Note: this tutorial assumes knowledge of C, as well as prior tutorials.

Introduction

Services such as Steam, PSN, and Xbox all allow for their achievements and trophies to be synced online. In this part of the tutorial, we're going to demonstrate how this can be done using SDL Net. In order to make full use of this tutorial, you will need to create a medal key. Head over to the Medals page and scroll down to the Create Medal Key section. Enter a name or id (whatever you like) into the input box, and click "Create Key". A 16 character key will be displayed below. Make sure you copy it and keep it somewhere safe, as there is no way to retrieve it again (although, you could always just create another key..!). Now armed with your key, you can try out the game:

Extract the archive, run cmake CMakeLists.txt, followed by make, and then use ./medals05 to run the code. In the main menu, select Options, scroll down to Medal Key, and enter your medal key. If entering it here is too cumbersome, you can also edit the save.json file. You will need to start the game at least once for it to be created. Make sure the game is not running when you edit the save.json. Locate the "medalKey" in the JSON data and enter your medal key there, then start the game. Ensure in the Options screen that the status beneath the medal key says OK. If not, check your internet connection and also that your medal key is correct. Play the game as normal, earning medals. Should all go to plan, you will be able to see your medal online at:

https://www.parallelrealities.co.uk/games/medals/player/{playerId}/

where {playerId} is the name or id your first entered when you created your medal key. You can also find a list of players on the Medals page. When you're finished, close the window to exit.

Inspecting the code

Before we begin, something very important to keep in mind - at the time of writing (November 2021) SDL Net cannot talk to SSL connections (such as https). If you need to communicate over such a protocol, you will need to use a different approach, such as libcurl. This tutorial part talks to a standard (unsecured) http port.

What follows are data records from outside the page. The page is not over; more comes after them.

lemma path_expect_Suc:
  "path_expect q (Suc n) f = path_expect q n (\<lambda>ys. q ys * f (ys @ [True]) + (1 - q ys) * f (ys @ [False]))"
proof -
  let ?snoc = "\<lambda>(ys, b). ys @ [b :: bool]"
  have lists_Suc: "{ys. length ys = Suc n} = ?snoc ` ({ys. length ys = n} \<times> UNIV)"
    by (auto simp: image_iff length_Suc_conv_rev)
  have "inj_on ?snoc ({ys. length ys = n} \<times> UNIV)"
    by (auto simp: inj_on_def)
  then have "path_expect q (Suc n) f
      = (\<Sum>(ys, b) \<in> {ys. length ys = n} \<times> UNIV. path_prob q (ys @ [b]) * f (ys @ [b]))"
    unfolding path_expect_def lists_Suc by (subst sum.reindex) (simp_all add: case_prod_beta)
  also have "\<dots> = (\<Sum>ys | length ys = n. \<Sum>b\<in>UNIV. path_prob q (ys @ [b]) * f (ys @ [b]))"
    by (simp add: sum.cartesian_product)
  also have "\<dots> = path_expect q n (\<lambda>ys. q ys * f (ys @ [True]) + (1 - q ys) * f (ys @ [False]))"
    unfolding path_expect_def UNIV_bool by (auto intro!: sum.cong simp: path_prob_snoc algebra_simps)
  finally show ?thesis .
qed

lemma path_expect_mono:
  assumes "\<And>ys. 0 \<le> q ys \<and> q ys \<le> 1" and "\<And>ys. length ys = n \<Longrightarrow> f ys \<le> g ys"
  shows "path_expect q n f \<le> path_expect q n g"
  unfolding path_expect_def using assms by (intro sum_mono mult_left_mono) (auto intro: path_prob_nonneg)

definition run :: "('s \<Rightarrow> bool list \<Rightarrow> bool \<Rightarrow> 's) \<Rightarrow> 's \<Rightarrow> bool list \<Rightarrow> 's" where
  "run upd s0 ys = fold (\<lambda>i s. upd s (take i ys) (ys ! i)) [0..<length ys] s0"

lemma run_Nil [simp]: "run upd s0 [] = s0"
  by (simp add: run_def)

lemma run_snoc: "run upd s0 (ys @ [b]) = upd (run upd s0 ys) ys b"
proof -
  have "fold (\<lambda>i s. upd s (take i (ys @ [b])) ((ys @ [b]) ! i)) [0..<length ys] s0 = run upd s0 ys"
    unfolding run_def by (intro fold_cong) (auto simp: nth_append)
  then show ?thesis
    by (simp add: run_def)
qed
(* Let $n\ge 3$, let $m_1,m_2$ be positive integers with $m_1\mid m_2$, and let $F,R$ be as in the context. In $F/[R,F]$ the order of each of the following elements divides the stated number: (1) for $1\le i\le n-1$: $[s_i(1),s_i(x)]$ — $m_1$; (2) for $1\le i<j-1\le n-2$: $[s_i(1),s_j(1)]$ — $m_2$; $[s_i(x),s_j(x)][s_i(1),s_j(1)]^{-1}$ — $m_1$; $[s_i(x),s_j(1)][s_i(x),s_j(x)]^{-1}$ — $m_1$; $[s_i(1),s_j(x)][s_i(x),s_j(x)]^{-1}$ — $m_1$; (3) for $1\le i\le n-2$: $[s_i(1),s_{i+1}(x)][s_i(x),s_{i+1}(1)]^{-1}$ — $m_1$; $[s_i(x),s_{i+1}(x)][s_i(x),s_{i+1}(1)]^{-1}$ — $m_1$; (4) for $1\le i\le n-2$: $[s_i(1),s_{i+1}(1),s_i(1)]$ — $m_2$; $[s_i(1),s_{i+1}(1),s_{i+1}(1)s_i(1)^{-1}]$ — $\gcd(m_2,\binom{m_2}{2})$; $[s_i(1),s_{i+1}(1),s_i(x)s_i(1)^{-1}]$ — $m_1$; $[s_i(1),s_{i+1}(1),s_i(x)s_{i+1}(x)^{-1}(s_i(1)s_{i+1}(1)^{-1})^{-1}]$ — $\gcd(m_1,\binom{m_1}{2})$; (5) for $1\le i\le n-3$: $[s_i(1),s_{i+1}(1),s_{i+2}(1),s_{i+1}(1)]$ — $\gcd(2,m_2)$; $[s_i(1),s_{i+1}(1),s_{i+2}(1),s_{i+1}(x)s_{i+1}(1)^{-1}]$ — $\gcd(2,m_1)$.
   Context: Commutator conventions: $[a,b]=a^{-1}b^{-1}ab$, $a^b=b^{-1}ab$, commutators left-normed: $[a_1,\dots,a_k]=[[a_1,\dots,a_{k-1}],a_k]$. Let $F$ be the free group on the $2(n-1)$ symbols $s_i(1),s_i(x)$, $1\le i\le n-1$. Write $s_i(1|x)$ for either of $s_i(1),s_i(x)$ (every choice is included). Let $R$ be the normal closure in $F$ of: $s_i(1)^{m_1}s_i(x)^{-m_1}$ and $s_i(x)^{m_2}$ ($1\le i\le n-1$); $[s_i(1),s_i(x)]$ ($1\le i\le n-1$); $[s_i(1|x),s_j(1|x)]$ ($1\le i<j-1\le n-2$); $[s_i(1|x)^{-1},s_{i+1}(x)^{-1}][s_i(x),s_{i+1}(1)]^{-1}$ ($1\le i\le n-2$); $[s_i(1|x),s_{i+1}(1),s_i(1)]$ and $[s_i(1|x),s_{i+1}(1),s_{i+1}(1)]$ ($1\le i\le n-2$); $[[s_i(1|x),s_{i+1}(1)],[s_{i+1}(1|x),s_{i+2}(1)]]$ ($1\le i\le n-3$). It is known that $F/R\cong\mathrm{UT}_n(\mathbb Z/m_1\mathbb Z\times\mathbb Z/m_2\mathbb Z)$ via $s_i(\lambda)\mapsto I+\lambda E_{i,i+1}$, where $1=(1,1)$ and $x=(0,1)$. *)

theory Defs
  imports "HOL-Algebra.Algebra"
begin

text \<open>A letter is a pair (g, e) with g a generator and e = True meaning the inverse g^-1.\<close>

type_synonym 'g fword = "('g \<times> bool) list"

fun fred :: "'g fword \<Rightarrow> 'g fword" where
  "fred [] = []"
| "fred (x # xs) =
     (case fred xs of
        [] \<Rightarrow> [x]
      | y # ys \<Rightarrow> (if fst y = fst x \<and> snd y \<noteq> snd x then ys else x # y # ys))"

definition free_grp :: "'g set \<Rightarrow> 'g fword monoid" where
  "free_grp S = \<lparr> carrier = {w. fst ` set w \<subseteq> S \<and> fred w = w},
                  monoid.mult = (\<lambda>u v. fred (u @ v)),
                  one = [] \<rparr>"

definition fgen :: "'g \<Rightarrow> 'g fword" where
  "fgen g = [(g, False)]"

definition gcomm :: "('a, 'b) monoid_scheme \<Rightarrow> 'a \<Rightarrow> 'a \<Rightarrow> 'a" where
  "gcomm G a b = inv\<^bsub>G\<^esub> a \<otimes>\<^bsub>G\<^esub> inv\<^bsub>G\<^esub> b \<otimes>\<^bsub>G\<^esub> a \<otimes>\<^bsub>G\<^esub> b"

definition gcomm3 :: "('a, 'b) monoid_scheme \<Rightarrow> 'a \<Rightarrow> 'a \<Rightarrow> 'a \<Rightarrow> 'a" where
  "gcomm3 G a b c = gcomm G (gcomm G a b) c"

definition gcomm4 :: "('a, 'b) monoid_scheme \<Rightarrow> 'a \<Rightarrow> 'a \<Rightarrow> 'a \<Rightarrow> 'a \<Rightarrow> 'a" where
  "gcomm4 G a b c d = gcomm G (gcomm3 G a b c) d"

text \<open>Generators: (i, False) is s_i(1), (i, True) is s_i(x), for 1 \<le> i \<le> n-1.\<close>

definition gens :: "nat \<Rightarrow> (nat \<times> bool) set" where
  "gens n = {1..n-1} \<times> UNIV"

definition FF :: "nat \<Rightarrow> (nat \<times> bool) fword monoid" where
  "FF n = free_grp (gens n)"

definition sg :: "nat \<Rightarrow> bool \<Rightarrow> (nat \<times> bool) fword" where
  "sg i b = fgen (i, b)"

abbreviation s1 :: "nat \<Rightarrow> (nat \<times> bool) fword" where "s1 i \<equiv> sg i False"
abbreviation sx :: "nat \<Rightarrow> (nat \<times> bool) fword" where "sx i \<equiv> sg i True"

definition relators :: "nat \<Rightarrow> nat \<Rightarrow> nat \<Rightarrow> (nat \<times> bool) fword set" where
  "relators n m1 m2 = (
      {s1 i [^]\<^bsub>FF n\<^esub> m1 \<otimes>\<^bsub>FF n\<^esub> inv\<^bsub>FF n\<^esub> (sx i [^]\<^bsub>FF n\<^esub> m1) | i. 1 \<le> i \<and> i \<le> n - 1}
    \<union> {sx i [^]\<^bsub>FF n\<^esub> m2 | i. 1 \<le> i \<and> i \<le> n - 1}
    \<union> {gcomm (FF n) (s1 i) (sx i) | i. 1 \<le> i \<and> i \<le> n - 1}
    \<union> {gcomm (FF n) (sg i a) (sg j b) | i j a b. 1 \<le> i \<and> i + 1 < j \<and> j \<le> n - 1}
    \<union> {gcomm (FF n) (inv\<^bsub>FF n\<^esub> (sg i a)) (inv\<^bsub>FF n\<^esub> (sx (i+1))) \<otimes>\<^bsub>FF n\<^esub>
          inv\<^bsub>FF n\<^esub> (gcomm (FF n) (sx i) (s1 (i+1))) | i a. 1 \<le> i \<and> i \<le> n - 2}
    \<union> {gcomm3 (FF n) (sg i a) (s1 (i+1)) (s1 i) | i a. 1 \<le> i \<and> i \<le> n - 2}
    \<union> {gcomm3 (FF n) (sg i a) (s1 (i+1)) (s1 (i+1)) | i a. 1 \<le> i \<and> i \<le> n - 2}
    \<union> {gcomm (FF n) (gcomm (FF n) (sg i a) (s1 (i+1))) (gcomm (FF n) (sg (i+1) b) (s1 (i+2)))
          | i a b. 1 \<le> i \<and> i \<le> n - 3})"
(* Let $T$ be a basic maximal rigid object of $\mathcal{C}_n$ with top summand $T_1=(1,n-1)$, and let $X,Y\in\mathcal{F}$ with $X,Y\notin\operatorname{add}\tau T$. If $\sigma^{\mathcal{T}}_X=\sigma^{\mathcal{T}}_Y$ and $\sigma^{\mathcal{D}}_X=\sigma^{\mathcal{D}}_Y$, then $X=Y$.
   Context: Let $k$ be algebraically closed, $n\ge2$, $\mathcal{T}_n$ the tube of rank $n$ (finite-dimensional nilpotent representations of the cyclically oriented $\tilde A_{n-1}$-quiver; AR-translation $\tau$), $\mathcal{C}_n=D^b(\mathcal{T}_n)/\tau^{-1}[1]$ the cluster tube, with indecomposables identified with those of $\mathcal{T}_n$. Indecomposables have coordinates $(a,b)$, $a\in\mathbb{Z}/n$ (represented in $\{1,\dots,n\}$), $b\ge1$ the quasilength, with $\tau(a,b)=(a-1,b)$ and irreducible maps $(a,b)\to(a,b+1)$, $(a,b)\to(a+1,b-1)$. For indecomposables $X,Y$, $\operatorname{Hom}_{\mathcal{C}_n}(X,Y)=\operatorname{Hom}_{\mathcal{T}_n}(X,Y)\oplus\operatorname{Hom}_{D^b}(X,\tau^{-1}Y[1])$; elements of the first summand are $\mathcal{T}$-maps, of the second $\mathcal{D}$-maps. $R^{\mathcal{T}}(X)$ (resp. $R^{\mathcal{D}}(X)$) is the set of indecomposables with a nonzero $\mathcal{T}$-map (resp. $\mathcal{D}$-map) to $X$. Wing of $X=(a,i)$, $i\le n-1$: $\{(a+s,i'):s\ge0,i'\ge1,s+i'\le i\}$. $T=\bigoplus_{i=1}^{n-1}T_i$ is basic maximal rigid ($\operatorname{Ext}^1(T,T)=0$ and $\operatorname{Ext}^1(T\oplus Z,T\oplus Z)=0\Rightarrow Z\in\operatorname{add}T$); its unique summand of quasilength $n-1$ (top summand) is, by choice of coordinates, $T_1=(1,n-1)$. $\mathcal{F}$ is the set of indecomposables $(a,b)$, $a\in\{1,\dots,n\}$, with $b\le n-1$ or $a+b\le2n-1$. The quiver of $\Lambda_T=\operatorname{End}_{\mathcal{C}_n}(T)^{\mathrm{op}}$ has a vertex for each $T_i$ and arrows $i\to j$ for maps $T_j\to T_i$ irreducible in $\operatorname{add}T$. A string is a trivial string at a vertex, or a word in arrows and formal inverses with matching endpoints, no letter followed by its inverse, and no subword of it or its inverse a zero relation of $\Lambda_T$. For $*\in\{\mathcal{T},\mathcal{D}\}$: if $R^*(X)\cap\operatorname{add}T\neq\emptyset$, $\sigma^*_X$ denotes the unique string that traverses exactly the vertices of the summands of $T$ in $R^*(X)$, each exactly once, and ends at the vertex of the one of highest quasilength; otherwise $\sigma^*_X$ is the zero string. *)

theory Defs
  imports Main "HOL-Number_Theory.Cong"
begin

text \<open>An indecomposable is a pair
(a,b) with 1 <= a <= n (a representative of Z/n) and quasilength b >= 1.
The indecomposable (a,b) is the uniserial object with quasi-socle (a,1) and
quasi-composition factors (a,1),(a+1,1),...,(a+b-1,1) (indices mod n).\<close>

type_synonym ind = "int \<times> int"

If we first turn our attention to structs.h, we've made an addition to Game:


typedef struct {
	int soundVolume;
	int musicVolume;
	double stats[STAT_MAX];
	int stageRanks[NUM_STAGES];
	Medal medalsHead;
	char medalKey[MAX_NAME_LENGTH];
} Game;

We've added a field called medalKey, that will hold our medalKey.

Next, we've updated App:


typedef struct {
	struct {
		void (*logic)(void);
		void (*draw)(void);
	} delegate;
	SDL_Renderer *renderer;
	SDL_Window *window;
	int keyboard[MAX_KEYBOARD_KEYS];
	double deltaTime;
	double fontScale;
	Widget *activeWidget;
	char inputText[MAX_INPUT_LENGTH];
	struct {
		int connected;
		long lastSync;
		int lastResponseCode;
	} server;
	struct {
		int fps;
	} dev;
} App;

We've added an inner struct called `server`. This struct contains three fields: `connected`, which will tell use whether we're connected to the medal server; lastSync, which will hold the time that the game last sent medal data to the server; lastResponseCode, which will contain the last http response code from the server when we synced.

Moving over to medals.c now, we've made a number of updates and additions to the code to support our online features. Starting with initMedals:


void initMedals(void)
{
	loadMedals();

	medalTextures[MEDAL_BRONZE] = getAtlasImage("gfx/bronzeMedal.png", 1);
	medalTextures[MEDAL_SILVER] = getAtlasImage("gfx/silverMedal.png", 1);
	medalTextures[MEDAL_GOLD] = getAtlasImage("gfx/goldMedal.png", 1);
	medalTextures[MEDAL_RUBY] = getAtlasImage("gfx/rubyMedal.png", 1);
	unearnedMedalTexture = getAtlasImage("gfx/unearnedMedal.png", 1);

	notifyOrder = 1;

	resetAlert();

	setupWidgets();

	connectToServer();
}

At the end of the function, we're calling a new function called connectToServer. This will, as the name suggests, connect to the medals server once the medal data has been loaded (at game startup).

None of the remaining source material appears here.